Le carottage long nécessite une quantité de matériel technique plus importante consistant en une plateforme de carottage de type UWITEC avec piston stationnaire. Le carottage se fait depuis une barge munie d’un tripode permettant de remonter les carottes sur la plateforme. Seul le lac de Lauvitel a été carotté avec cette méthode. Trois carottiers différents ont été utilisés (en 90 non chemisé, en 63 chemisé, et en 90 chemisé) pour prélever 16 sections de 3 mètres de long au total dans la zone de dépôt centre, qui ont été recoupées au laboratoire en vue de permettre une

meilleure manipulation lors des analyses. Lors de ce prélèvement, il a fallu six sites différents pour obtenir un recouvrement convenable. Ce recouvrement est nécessaire et consiste à décaler les carottes prélevées dans les différents trous d’environ 1 m de profondeur, afin d’obtenir la séquence sédimentaire en entier et combler ainsi l’interruption entre les différentes sections causée par la méthode de carottage. Ce dernier a été perturbé par de nombreux niveaux à graviers, blocs voire même à bois qui ont empêché la bonne progression du carottier dans le sédiment du lac.

Figure 2-8 : Schéma de carottage long du lac de Lauvitel, le zéro correspond à l’interface eau-sédiment.

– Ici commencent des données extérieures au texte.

theorem theorem1p4:
  fixes V :: "'a set" and E :: "'a \<Rightarrow> 'a \<Rightarrow> bool"
  assumes "simple_graph V E"
    and "\<not> contains_induced V E {0..4::nat} C5_adj"
    and "\<not> contains_induced V E {0..4::nat} bull_adj"
    and "contains_anchor V E"
  shows "\<exists>X. homogeneous_set V E X"
proof -
  obtain ac f where fV: "f ` {0..5::nat} \<subseteq> V"
    and adj: "\<forall>x\<in>{0..5}. \<forall>y\<in>{0..5}. E (f x) (f y) \<longleftrightarrow> anchor_adj ac x y"
    using assms(4) unfolding contains_anchor_def contains_induced_def by blast
  have E: "\<And>i j. i \<le> 5 \<Longrightarrow> j \<le> 5 \<Longrightarrow> E (f i) (f j) \<longleftrightarrow> anchor_adj ac i j"
    and V: "\<And>i. i \<le> 5 \<Longrightarrow> f i \<in> V"
    using adj fV by auto
  interpret bull_C5_free_graph V E
    using assms(1-3) by unfold_locales
  interpret anchored_path V E "f 0" "f 1" "f 2" "f 3"
    by unfold_locales (simp_all add: V E anchor_adj_def doubleton_eq_iff)
  have "center (f 4)" "anticenter (f 5)"
    unfolding center_def anticenter_def by (simp_all add: V E anchor_adj_def doubleton_eq_iff)
  then show ?thesis by (rule homogeneous_set_if_center_and_anticenter)
qed

end
lemma strict_mono_on_seq3:
  fixes a b c :: "'a::order"
  assumes "a < b" "b < c"
  shows "strict_mono_on {1..3} (seq3 a b c)"
  using assms unfolding strict_mono_on_def seq3_def
  by (auto simp: numeral_3_eq_3 le_Suc_eq intro: order.strict_trans)

lemma interval_minor_if_3x3_submatrix:
  assumes "wf_bmatrix Q" "nrows Q = 3" "ncols Q = 3"
    and "a1 < a2" "a2 < a3" "{a1, a2, a3} \<subseteq> {1..nrows P}"
    and "b1 < b2" "b2 < b3" "{b1, b2, b3} \<subseteq> {1..ncols P}"
    and "\<And>i j. (i, j) \<in> supp Q \<Longrightarrow> (seq3 a1 a2 a3 i, seq3 b1 b2 b3 j) \<in> supp P"
  shows "interval_minor Q P"
proof (rule interval_minor_if_submatrix)
  show "strict_mono_on {1..nrows Q} (seq3 a1 a2 a3)" "strict_mono_on {1..ncols Q} (seq3 b1 b2 b3)"
    unfolding assms(2,3) by (rule strict_mono_on_seq3[OF assms(4,5)], rule strict_mono_on_seq3[OF assms(7,8)])
  show "seq3 a1 a2 a3 ` {1..nrows Q} \<subseteq> {1..nrows P}" "seq3 b1 b2 b3 ` {1..ncols Q} \<subseteq> {1..ncols P}"
    using assms(6,9) unfolding assms(2,3) seq3_def by auto
qed (use assms in simp_all)

lemma monotone_triples_if_avoids_Q:
  assumes wf: "wf_bmatrix P"
    and avoids: "avoids P Q1" "avoids P Q2" "avoids P Q3" "avoids P Q4"
  shows "monotone_triples (supp P)"
  unfolding monotone_triples_def
proof (intro ballI impI)
  fix x y z assume xyz: "x \<in> supp P" "y \<in> supp P" "z \<in> supp P"
    and rows: "fst x < fst y" "fst y < fst z"
    and cols: "snd x \<noteq> snd y" "snd y \<noteq> snd z" "snd x \<noteq> snd z"
  have ranges: "{fst x, fst y, fst z} \<subseteq> {1..nrows P}" "{snd x, snd y, snd z} \<subseteq> {1..ncols P}"
    using wf xyz unfolding wf_bmatrix_def by auto
  have wf_Q: "wf_bmatrix Q1" "wf_bmatrix Q2" "wf_bmatrix Q3" "wf_bmatrix Q4"
    unfolding wf_bmatrix_def Q1_def Q2_def Q3_def Q4_def by auto
  note minor = interval_minor_if_3x3_submatrix[OF _ _ _ rows ranges(1)]
  show "(snd x < snd y \<and> snd y < snd z) \<or> (snd y < snd x \<and> snd z < snd y)"
  proof (rule ccontr)
    assume "\<not> ?thesis"
    then consider "snd y < snd x" "snd x < snd z" | "snd z < snd x" "snd x < snd y"
      | "snd x < snd z" "snd z < snd y" | "snd y < snd z" "snd z < snd x"
      using cols by linarith
    then show False
    proof cases
      case 1
      have "interval_minor Q1 P"
        by (rule minor[OF wf_Q(1) _ _ 1]) (use ranges xyz in \<open>auto simp: Q1_def seq3_def\<close>)
      with avoids(1) show False unfolding avoids_def by blast
    next
      case 2
      have "interval_minor Q2 P"
        by (rule minor[OF wf_Q(2) _ _ 2]) (use ranges xyz in \<open>auto simp: Q2_def seq3_def\<close>)
      with avoids(2) show False unfolding avoids_def by blast
    next
      case 3
      have "interval_minor Q3 P"
        by (rule minor[OF wf_Q(3) _ _ 3]) (use ranges xyz in \<open>auto simp: Q3_def seq3_def\<close>)
      with avoids(3) show False unfolding avoids_def by blast
    next
      case 4
      have "interval_minor Q4 P"
        by (rule minor[OF wf_Q(4) _ _ 4]) (use ranges xyz in \<open>auto simp: Q4_def seq3_def\<close>)
      with avoids(4) show False unfolding avoids_def by blast
    qed
  qed
qed

lemma coverable_by_rows_columns:
  assumes "R \<subseteq> {1..nrows P}" "C \<subseteq> {1..ncols P}" "card R + card C \<le> t"
    and "\<forall>p\<in>supp P. fst p \<in> R \<or> snd p \<in> C"
  shows "coverable_by P t"
proof -
  define L where "L = Inl ` R \<union> Inr ` C"
  have "finite R" "finite C" using assms(1,2) finite_subset by blast+
  then have "finite L" unfolding L_def by simp
  moreover have "card L \<le> card R + card C"
    unfolding L_def using card_Un_le[of "Inl ` R" "Inr ` C"] by (simp add: card_image)
  moreover have "\<forall>l\<in>L. is_line P l" using assms(1,2) unfolding L_def is_line_def by auto
  moreover have "\<forall>p\<in>supp P. \<exists>l\<in>L. on_line p l"
  proof
    fix p assume "p \<in> supp P"
    then have "Inl (fst p) \<in> L \<or> Inr (snd p) \<in> L" using assms(4) unfolding L_def by blast
    then show "\<exists>l\<in>L. on_line p l" unfolding on_line_def by force
  qed
  ultimately show ?thesis unfolding coverable_by_def using assms(3) by (meson le_trans)
qed

lemma concordant_pair_if_contains_D2:
  assumes "\<not> avoids P D2"
  obtains p q where "p \<in> supp P" "q \<in> supp P" "fst p < fst q" "snd p < snd q"
proof -
  obtain r c where rc: "\<forall>(i, j) \<in> supp D2. \<exists>(a, b) \<in> supp P. a \<in> {r (i - 1)<..r i} \<and> b \<in> {c (j - 1)<..c j}"
    using assms unfolding avoids_def interval_minor_def by blast
  then obtain a b a' b' where "(a, b) \<in> supp P" "(a', b') \<in> supp P"
    "a \<le> r 1" "r 1 < a'" "b \<le> c 1" "c 1 < b'"
    unfolding D2_def by fastforce
  then show ?thesis using that[of "(a, b)" "(a', b')"] by simp
qed

lemma discordant_pair_if_contains_D2bar:
  assumes "\<not> avoids P D2bar"
  obtains p q where "p \<in> supp P" "q \<in> supp P" "fst p < fst q" "snd q < snd p"
proof -
  obtain r c where rc: "\<forall>(i, j) \<in> supp D2bar. \<exists>(a, b) \<in> supp P. a \<in> {r (i - 1)<..r i} \<and> b \<in> {c (j - 1)<..c j}"
    using assms unfolding avoids_def interval_minor_def by blast
  then obtain a b a' b' where "(a, b) \<in> supp P" "(a', b') \<in> supp P"
    "a \<le> r 1" "r 1 < a'" "b' \<le> c 1" "c 1 < b"
    unfolding D2bar_def by fastforce
  then show ?thesis using that[of "(a, b)" "(a', b')"] by simp
qed

lemma coverable_by_if_card_matching_le:
  assumes "wf_bmatrix P"
    and "\<And>M. M \<subseteq> supp P \<Longrightarrow> inj_on fst M \<Longrightarrow> inj_on snd M \<Longrightarrow> card M \<le> k"
  shows "coverable_by P k"
proof -
  have "finite (supp P)"
    using assms(1) unfolding wf_bmatrix_def by (rule finite_subset) simp
  then obtain R C where RC: "R \<subseteq> fst ` supp P" "C \<subseteq> snd ` supp P" "card R + card C \<le> k"
    "\<forall>p\<in>supp P. fst p \<in> R \<or> snd p \<in> C"
    using Koenig_cover[of "supp P" k] assms(2) by blast
  have "fst ` supp P \<subseteq> {1..nrows P}" "snd ` supp P \<subseteq> {1..ncols P}"
    using assms(1) unfolding wf_bmatrix_def by auto
  then have "R \<subseteq> {1..nrows P}" "C \<subseteq> {1..ncols P}"
    using order_trans[OF RC(1)] order_trans[OF RC(2)] by simp_all
  then show ?thesis using RC(3,4) by (rule coverable_by_rows_columns)
qed

lemma coverable_by_3_if_contains_D2_and_D2bar:
  assumes "wf_bmatrix P" "monotone_triples (supp P)" "\<not> avoids P D2" "\<not> avoids P D2bar"
  shows "coverable_by P 3"
proof -
  obtain p1 p2 where p: "p1 \<in> supp P" "p2 \<in> supp P" "fst p1 < fst p2" "snd p1 < snd p2"
    using assms(3) by (rule concordant_pair_if_contains_D2)
  obtain q1 q2 where q: "q1 \<in> supp P" "q2 \<in> supp P" "fst q1 < fst q2" "snd q2 < snd q1"
    using assms(4) by (rule discordant_pair_if_contains_D2bar)
  have "card M \<le> 3" if "M \<subseteq> supp P" "inj_on fst M" "inj_on snd M" for M
    by (rule card_matching_le_3[OF assms(2) p(1,2) _ _ q(1,2) _ _ that])
      (use p q in \<open>auto simp: share_line_def concordant_def\<close>)
  then show ?thesis by (rule coverable_by_if_card_matching_le[OF assms(1)])
qed

theorem proposition3p6:
  fixes P :: bmatrix
  assumes "wf_bmatrix P"
    and "avoids P Q1" and "avoids P Q2" and "avoids P Q3" and "avoids P Q4"
  shows "avoids P D2 \<or> avoids P D2bar \<or> coverable_by P 3"
  using coverable_by_3_if_contains_D2_and_D2bar[OF assms(1) monotone_triples_if_avoids_Q[OF assms]]
  by blast

end
(* Let $n\ge 3$ and $m\ge 2n$. Then the set \[D=\{(i,2i-1),(i,2i): i\in[n-1]\}\cup\{(n,j): 2n-1\le j\le m-1\}\] is an identifying code of $K_n\times K_m$.
   Context: $K_n\times K_m$ is the direct product of complete graphs: vertex set $[n]\times[m]$, with $(i,r)$ adjacent to $(j,s)$ iff $i\ne j$ and $r \ne s$. An identifying code is a dominating set $C$ with $N[x]\cap C\ne N[y]\cap C$ for all distinct vertices $x,y$ ($N[x]$ the closed neighborhood). *)

theory Defs
  imports Main
begin

text \<open>Direct product of complete graphs K_n x K_m on vertex set [n] x [m].\<close>

definition KV :: "nat \<Rightarrow> nat \<Rightarrow> (nat \<times> nat) set" where
  "KV n m = {1..n} \<times> {1..m}"

definition Kadj :: "nat \<times> nat \<Rightarrow> nat \<times> nat \<Rightarrow> bool" where
  "Kadj x y \<longleftrightarrow> fst x \<noteq> fst y \<and> snd x \<noteq> snd y"

definition closed_nbhd :: "nat \<Rightarrow> nat \<Rightarrow> nat \<times> nat \<Rightarrow> (nat \<times> nat) set" where
  "closed_nbhd n m x = {y \<in> KV n m. y = x \<or> Kadj x y}"

definition identifying_code :: "nat \<Rightarrow> nat \<Rightarrow> (nat \<times> nat) set \<Rightarrow> bool" where
  "identifying_code n m C \<longleftrightarrow>
     C \<subseteq> KV n m \<and>
     (\<forall>x \<in> KV n m. closed_nbhd n m x \<inter> C \<noteq> {}) \<and>
     (\<forall>x \<in> KV n m. \<forall>y \<in> KV n m. x \<noteq> y \<longrightarrow>
        closed_nbhd n m x \<inter> C \<noteq> closed_nbhd n m y \<inter> C)"

end

theory Submission
  imports Defs
begin

(* The code D meets every column c = 1..m-1 in exactly one vertex, so it is the graph
   {(r c, c) | c in S} of a "row function" r on the set S = {1..m-1} of columns.
   For such column codes a vertex (r c, c) lies in N[(a,b)] iff (c = b) <-> (r c = a).
   This gives a general criterion (column_code_identifying): a column code is
   identifying in K_n x K_m provided
     - at most one column carries no code vertex (separates vertices in one row),
     - each row is avoided by r on at least two columns (domination),
     - any two distinct rows together carry at least three code vertices
       (separates vertices in different rows).
   The theorem follows by writing D as the column code of the row function
   c |-> ceil(c/2) for c <= 2n-2 and c |-> n otherwise, and checking the three
   counting conditions. *)

definition column_code :: "(nat \<Rightarrow> nat) \<Rightarrow> nat set \<Rightarrow> (nat \<times> nat) set" where
  "column_code r S = {(r c, c) | c. c \<in> S}"

lemma column_code_in_nbhd:
  assumes "(a, b) \<in> KV n m" "(r c, c) \<in> KV n m"
  shows "(r c, c) \<in> closed_nbhd n m (a, b) \<longleftrightarrow> ((c = b) \<longleftrightarrow> (r c = a))"
  using assms unfolding closed_nbhd_def Kadj_def by auto

lemma exists_outside:
  assumes "card B < card A" "finite B"
  obtains x where "x \<in> A" "x \<notin> B"
  using assms card_mono[of B A] by (meson not_le subsetI)

lemma card_pair_le: "card {x, y} \<le> 2"
  by (simp add: card_insert_if)

lemma column_code_identifying:
  assumes S_cols: "S \<subseteq> {1..m}"
    and r_rows: "\<And>c. c \<in> S \<Longrightarrow> r c \<in> {1..n}"
    and few_empty_cols: "card ({1..m} - S) \<le> 1"
    and avoid_row: "\<And>a. a \<in> {1..n} \<Longrightarrow> 2 \<le> card {c \<in> S. r c \<noteq> a}"
    and two_rows: "\<And>a a'. a \<in> {1..n} \<Longrightarrow> a' \<in> {1..n} \<Longrightarrow> a \<noteq> a' \<Longrightarrow>
                     3 \<le> card {c \<in> S. r c = a \<or> r c = a'}"
  shows "identifying_code n m (column_code r S)"
proof -
  let ?C = "column_code r S"
  have in_KV: "(r c, c) \<in> KV n m" if "c \<in> S" for c
    using that S_cols r_rows unfolding KV_def by auto
  have witness: "(r c, c) \<in> closed_nbhd n m (a, b) \<inter> ?C \<longleftrightarrow> ((c = b) \<longleftrightarrow> (r c = a))"
    if "(a, b) \<in> KV n m" "c \<in> S" for a b c
    using column_code_in_nbhd[of a b n m r c, OF that(1) in_KV[OF that(2)]] that(2)
    unfolding column_code_def by auto
  have sub: "?C \<subseteq> KV n m"
    using in_KV unfolding column_code_def by auto
  have dom: "closed_nbhd n m x \<inter> ?C \<noteq> {}" if x: "x \<in> KV n m" for x
  proof -
    obtain a b where ab: "x = (a, b)" by (cases x)
    have "a \<in> {1..n}" using x ab unfolding KV_def by auto
    then have "card {b} < card {c \<in> S. r c \<noteq> a}" using avoid_row[of a] by simp
    then obtain c where c: "c \<in> {c \<in> S. r c \<noteq> a}" "c \<notin> {b}"
      by (rule exists_outside) auto
    then show ?thesis using witness[of a b c] x ab by blast
  qed
  have sep: "closed_nbhd n m x \<inter> ?C \<noteq> closed_nbhd n m y \<inter> ?C"
    if x: "x \<in> KV n m" and y: "y \<in> KV n m" and "x \<noteq> y" for x y
  proof -
    obtain a b a' b' where ab: "x = (a, b)" "y = (a', b')" by (cases x, cases y)
    have rows: "a \<in> {1..n}" "a' \<in> {1..n}" and cols: "b \<in> {1..m}" "b' \<in> {1..m}"
      using x y ab unfolding KV_def by auto
    have "\<exists>c \<in> S. ((c = b) \<longleftrightarrow> (r c = a)) \<noteq> ((c = b') \<longleftrightarrow> (r c = a'))"
    proof (cases "a = a'")
      case True
      (* same row: one of the two columns b, b' carries a code vertex *)
      then have "b \<noteq> b'" using \<open>x \<noteq> y\<close> ab by auto
      then have "card ({1..m} - S) < card {b, b'}" using few_empty_cols by simp
      then obtain c where "c \<in> {b, b'}" "c \<notin> {1..m} - S"
        by (rule exists_outside) auto
      then show ?thesis using cols \<open>b \<noteq> b'\<close> True by auto
    next
      case False
      (* different rows: a code vertex in row a or a' outside columns b, b' *)
      have "card {b, b'} < card {c \<in> S. r c = a \<or> r c = a'}"
        using two_rows[OF rows False] card_pair_le[of b b'] by linarith
      then obtain c where c: "c \<in> {c \<in> S. r c = a \<or> r c = a'}" "c \<notin> {b, b'}"
        by (rule exists_outside) auto
      then show ?thesis using False by auto
    qed
    then obtain c where "c \<in> S" "((c = b) \<longleftrightarrow> (r c = a)) \<noteq> ((c = b') \<longleftrightarrow> (r c = a'))"
      by blast
    then show ?thesis using witness[of a b c] witness[of a' b' c] x y ab by blast
  qed
  show ?thesis unfolding identifying_code_def using sub dom sep by blast
qed

(* Row function of the code D: columns 2i-1 and 2i lie in row i (i < n), all later
   columns in row n. *)
definition code_row :: "nat \<Rightarrow> nat \<Rightarrow> nat" where
  "code_row n c = (if c \<le> 2*n - 2 then (c + 1) div 2 else n)"

lemma code_row_odd: "1 \<le> i \<Longrightarrow> i \<le> n \<Longrightarrow> code_row n (2*i - 1) = i"
  unfolding code_row_def by auto

lemma code_row_even: "1 \<le> i \<Longrightarrow> i < n \<Longrightarrow> code_row n (2*i) = i"
  unfolding code_row_def by auto

lemma code_as_column_code:
  assumes "n \<ge> 1" "m \<ge> 2 * n"
  shows "{(i, 2*i - 1) | i. i \<in> {1..n-1}} \<union> {(i, 2*i) | i. i \<in> {1..n-1}}
           \<union> {(n, j) | j. 2*n - 1 \<le> j \<and> j \<le> m - 1}
         = column_code (code_row n) {1..m-1}" (is "?D = _")
proof (intro set_eqI iffI)
  fix x assume "x \<in> ?D"
  then have "\<exists>c \<in> {1..m-1}. x = (code_row n c, c)"
  proof (elim UnE CollectE exE conjE)
    fix i assume "x = (i, 2*i - 1)" "i \<in> {1..n-1}"
    then show ?thesis using assms code_row_odd[of i n] by (intro bexI[of _ "2*i - 1"]) auto
  next
    fix i assume "x = (i, 2*i)" "i \<in> {1..n-1}"
    then show ?thesis using assms code_row_even[of i n] by (intro bexI[of _ "2*i"]) auto
  next
    fix j assume "x = (n, j)" "2*n - 1 \<le> j" "j \<le> m - 1"
    then show ?thesis using assms unfolding code_row_def by (intro bexI[of _ j]) auto
  qed
  then show "x \<in> column_code (code_row n) {1..m-1}"
    unfolding column_code_def by auto
next
  fix x assume "x \<in> column_code (code_row n) {1..m-1}"
  then obtain c where x: "x = (code_row n c, c)" and c: "1 \<le> c" "c \<le> m - 1"
    unfolding column_code_def by auto
  consider "c \<le> 2*n - 2" "even c" | "c \<le> 2*n - 2" "odd c" | "\<not> c \<le> 2*n - 2" by blast
  then show "x \<in> ?D"
  proof cases
    case 1
    then have "c = 2 * (c div 2)" "c div 2 \<in> {1..n-1}" "code_row n c = c div 2"
      using c unfolding code_row_def by auto
    then show ?thesis using x by blast
  next
    case 2
    then have "c = 2 * ((c + 1) div 2) - 1" "(c + 1) div 2 \<in> {1..n-1}"
      "code_row n c = (c + 1) div 2"
      using c unfolding code_row_def by auto presburger+
    then show ?thesis using x by blast
  next
    case 3
    then show ?thesis using x c unfolding code_row_def by auto
  qed
qed

(* Each row is avoided on two columns: rows 1 and 2 occupy columns 1,2 and 3,4. *)
lemma code_row_avoids:
  assumes "n \<ge> 3" "m \<ge> 2 * n"
  shows "2 \<le> card {c \<in> {1..m-1}. code_row n c \<noteq> a}"
proof -
  have rows12: "code_row n 1 = 1" "code_row n 2 = 1" "code_row n 3 = 2" "code_row n 4 = 2"
    using assms unfolding code_row_def by auto
  obtain c1 c2 :: nat where "c1 \<noteq> c2" "{c1, c2} \<subseteq> {c \<in> {1..m-1}. code_row n c \<noteq> a}"
  proof (cases "a = 1")
    case True
    then show ?thesis using assms rows12 by (intro that[of 3 4]) auto
  next
    case False
    then show ?thesis using assms rows12 by (intro that[of 1 2]) auto
  qed
  then have "card {c1, c2} \<le> card {c \<in> {1..m-1}. code_row n c \<noteq> a}"
    by (intro card_mono) auto
  then show ?thesis using \<open>c1 \<noteq> c2\<close> by simp
qed

(* Two distinct rows a, a' carry the code vertices in columns 2a-1, 2a'-1 and
   2 min(a,a'), the smaller row being below n. *)
lemma code_row_two_rows:
  assumes "m \<ge> 2 * n" "a \<in> {1..n}" "a' \<in> {1..n}" "a \<noteq> a'"
  shows "3 \<le> card {c \<in> {1..m-1}. code_row n c = a \<or> code_row n c = a'}"
proof -
  let ?k = "min a a'"
  have "?k < n" "1 \<le> ?k" using assms by auto
  then have "code_row n (2 * ?k) = ?k" by (rule code_row_even[rotated])
  then have "{2*a - 1, 2*a' - 1, 2 * ?k}
                  \<subseteq> {c \<in> {1..m-1}. code_row n c = a \<or> code_row n c = a'}"
    using assms code_row_odd[of a n] code_row_odd[of a' n] by (auto simp: min_def)
  moreover have "card {2*a - 1, 2*a' - 1, 2 * ?k} = 3"
    using assms by (auto simp: min_def card_insert_if)
  ultimately show ?thesis using card_mono[of _ "{2*a - 1, 2*a' - 1, 2 * ?k}"] by simp
qed

theorem mainTheorem14:
  fixes n m :: nat
  assumes "n \<ge> 3" and "m \<ge> 2 * n"
  shows "identifying_code n m
           ({(i, 2*i - 1) | i. i \<in> {1..n-1}} \<union> {(i, 2*i) | i. i \<in> {1..n-1}}
            \<union> {(n, j) | j. 2*n - 1 \<le> j \<and> j \<le> m - 1})"
proof -
  have "code_row n c \<in> {1..n}" if "c \<in> {1..m-1}" for c
    using that assms unfolding code_row_def by auto
  moreover have "{1..m} - {1..m-1} = {m}" using assms by auto
  ultimately have "identifying_code n m (column_code (code_row n) {1..m-1})"
    using code_row_avoids[OF assms] code_row_two_rows[OF assms(2)]
    by (intro column_code_identifying) auto
  then show ?thesis using code_as_column_code[of n m] assms by simp
qed

end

2.1.5 Prélèvement sur le bassin versant

Dans le cadre de cette étude nous avons prélevé des échantillons provenant du bassin versant en vue de comparer la composition géochimique et la granulométrie avec les sédiments déposés dans le lac. Cette opération a pour but de déterminer les sources potentielles de sédiment et leur composition chimique. Dans un premier temps, les sédiments accumulés sur les zones d’entrée des ruisseaux dans le lac ont été prélevés sans distinction granulométrique. Dans un second temps, nous avons effectué dans le bassin versant du Lauvitel des tranchées pédologiques afin de caractériser les différences spatiales que l’on peut retrouver. Les sols peuvent être des contributeurs non négligeables du sédiment se déposant dans le lac. Le type de sol rencontré est lié à la présence de végétation et au type de substrat. Pour déterminer ces paramètres, nous avons effectué une description de la végétation environnante des tranchées et par ailleurs des mesures

de géochimie sur le terrain ont été effectuées à l’aide à l’aide d’un pistolet à fluorescence X (S1 Titan, Bruker) sur les roches retrouvées sur place.